Box plots are highly effective for displaying the distribution of cholesterol levels in each group. They allow us to visualize key statistics such as:

• Minimum and maximum values
• Quartiles (Q1, Q2, Q3)
• Median
• Any outliers

Box plots provide a quick way to discern differences between the cholesterol levels of smokers versus ex-smokers visually. By placing both box plots on the same scale, comparisons become straightforward.

Descriptive Statistics

Descriptive statistics summarize and describe the main features of a data set.

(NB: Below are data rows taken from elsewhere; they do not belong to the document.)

theorem lemma6:
  fixes k :: nat and \<rho> \<epsilon> :: real
  assumes "k \<ge> 1" and "0 < \<rho>" and "\<rho> < 1"
    and "0 \<le> \<epsilon>"
    and "\<epsilon> \<le> \<rho> * (1 + cos ((2 * real k - 1) / (2 * real k) * pi))
                      / (1 - cos ((2 * real k - 1) / (2 * real k) * pi))"
  shows "(\<forall>i\<in>{1..k}. sgn (coeff (p_eps k \<rho> \<epsilon>) i) = (-1) ^ (k - i))
       \<and> (-1) ^ k * coeff (p_eps k \<rho> \<epsilon>) 0 \<ge> 0
       \<and> (\<forall>i\<in>{0..k}.
            let m = ((\<rho> + \<epsilon>) * cos (real i * pi / real k) + \<rho> - \<epsilon>) / 2 in
              m \<in> {-\<epsilon>..\<rho>}
            \<and> poly (p_eps k \<rho> \<epsilon>) m = (-1) ^ i
            \<and> (\<forall>x\<in>{-\<epsilon>..\<rho>}. \<bar>poly (p_eps k \<rho> \<epsilon>) x\<bar> \<le> \<bar>poly (p_eps k \<rho> \<epsilon>) m\<bar>))"
proof -
  obtain n where k: "k = Suc n"
    using assms(1) by (cases k) auto
  have s: "0 < \<rho> + \<epsilon>"
    using assms(2,4) by simp
  have "0 \<le> p_eps_root k \<rho> \<epsilon> (k - 1)"
    using p_eps_root_last_nonneg[OF _ assms(5)] k by simp
  then have signs: "\<forall>i\<in>{1..k}. sgn (coeff (p_eps k \<rho> \<epsilon>) i) = (-1) ^ (k - i)"
      "0 \<le> (-1) ^ k * coeff (p_eps k \<rho> \<epsilon>) 0"
    using p_eps_coeff_signs[OF s] unfolding k by simp_all
  show ?thesis
    using signs cos_rescaled_mem_interval[OF less_imp_le[OF s]] poly_p_eps_extremal_point[of k]
      abs_poly_p_eps_le_1[OF s] s k
    by (simp add: Let_def)
qed

end
lemma Ncnt_measurable_history:
  assumes "nat z \<le> t"
  shows "(\<lambda>w. real (Ncnt A z a w)) \<in> borel_measurable (history t)"
  unfolding Ncnt_eq_sum
proof (rule borel_measurable_sum)
  fix s assume "s \<in> {1..<nat z}"
  then have "Measurable.pred (history t) (\<lambda>w. a \<in> A s w)"
    using assms by (intro pred_A_history) auto
  then show "(\<lambda>w. of_bool (a \<in> A s w)) \<in> borel_measurable (history t)"
    by (rule measurable_compose[OF _ measurable_of_bool])
qed

lemma Mcnt_measurable_history:
  assumes "a \<in> {1..K}"
  shows "(\<lambda>w. real (Mcnt A D t a w)) \<in> borel_measurable (history t)"
  unfolding Mcnt_eq_sum
proof (rule borel_measurable_sum)
  fix s assume "s \<in> {1..<t}"
  then have "Measurable.pred (history t) (\<lambda>w. a \<in> A s w \<and> enat s + D s a w < enat t)"
    using assms by (intro pred_intros_logic pred_A_history pred_D_history) auto
  then show "(\<lambda>w. of_bool (a \<in> A s w \<and> enat s + D s a w < enat t)) \<in> borel_measurable (history t)"
    by (rule measurable_compose[OF _ measurable_of_bool])
qed

lemma Nshift_measurable: "(\<lambda>w. real (Nshift A t d a w)) \<in> borel_measurable M"
  using measurable_history_imp_measurable[OF Ncnt_measurable_history[OF order.refl]]
  by (cases d) (auto simp: Nshift_def)

lemma Int_stable_pair_events: "Int_stable (pair_events M R D t a)"
proof (rule Int_stableI)
  fix x y assume "x \<in> pair_events M R D t a" "y \<in> pair_events M R D t a"
  then obtain S1 S2 where "x = (\<lambda>w. (R t a w, D t a w)) -` S1 \<inter> space M"
      "y = (\<lambda>w. (R t a w, D t a w)) -` S2 \<inter> space M"
      "S1 \<in> sets (borel \<Otimes>\<^sub>M count_space UNIV)" "S2 \<in> sets (borel \<Otimes>\<^sub>M count_space UNIV)"
    unfolding pair_events_def by blast
  then have "x \<inter> y = (\<lambda>w. (R t a w, D t a w)) -` (S1 \<inter> S2) \<inter> space M"
      "S1 \<inter> S2 \<in> sets (borel \<Otimes>\<^sub>M count_space UNIV)"
    by auto
  then show "x \<inter> y \<in> pair_events M R D t a" unfolding pair_events_def by blast
qed

lemma delay_vimage_in_pair_events:
  fixes h :: "enat \<Rightarrow> real"
  assumes "S \<in> sets borel"
  shows "(\<lambda>w. h (D t a w)) -` S \<inter> space M \<in> pair_events M R D t a"
proof -
  have "(\<lambda>z. h (snd z)) \<in> borel_measurable (borel \<Otimes>\<^sub>M count_space UNIV)"
    using measurable_compose[OF measurable_snd, where g = h and L = borel] by simp
  then have "(\<lambda>z. h (snd z)) -` S \<inter> space (borel \<Otimes>\<^sub>M count_space UNIV)
      \<in> sets (borel \<Otimes>\<^sub>M count_space UNIV)"
    using assms by (rule measurable_sets)
  moreover have "(\<lambda>w. h (D t a w)) -` S \<inter> space M
      = (\<lambda>w. (R t a w, D t a w)) -` ((\<lambda>z. h (snd z)) -` S \<inter> space (borel \<Otimes>\<^sub>M count_space UNIV))
        \<inter> space M"
    by (auto simp: space_pair_measure)
  ultimately show ?thesis unfolding pair_events_def by blast
qed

They provide a useful overview of data without diving into detailed analysis. Key descriptors include:

• Mean - the average cholesterol level in each group.
• Median - the midpoint value separating the higher half from the lower half of the data.
• Mode - the most frequently occurring cholesterol level.
• Range - the difference between the highest and lowest values.
• Interquartile range (IQR) - the range of the middle 50% of the data.

In the context of the box plot analysis, descriptive statistics enable us to make meaningful comparisons between the smokers and ex-smokers. Recognizing variations in median, spread, and outliers helps in concluding the potential health risks associated with prolonged smoking.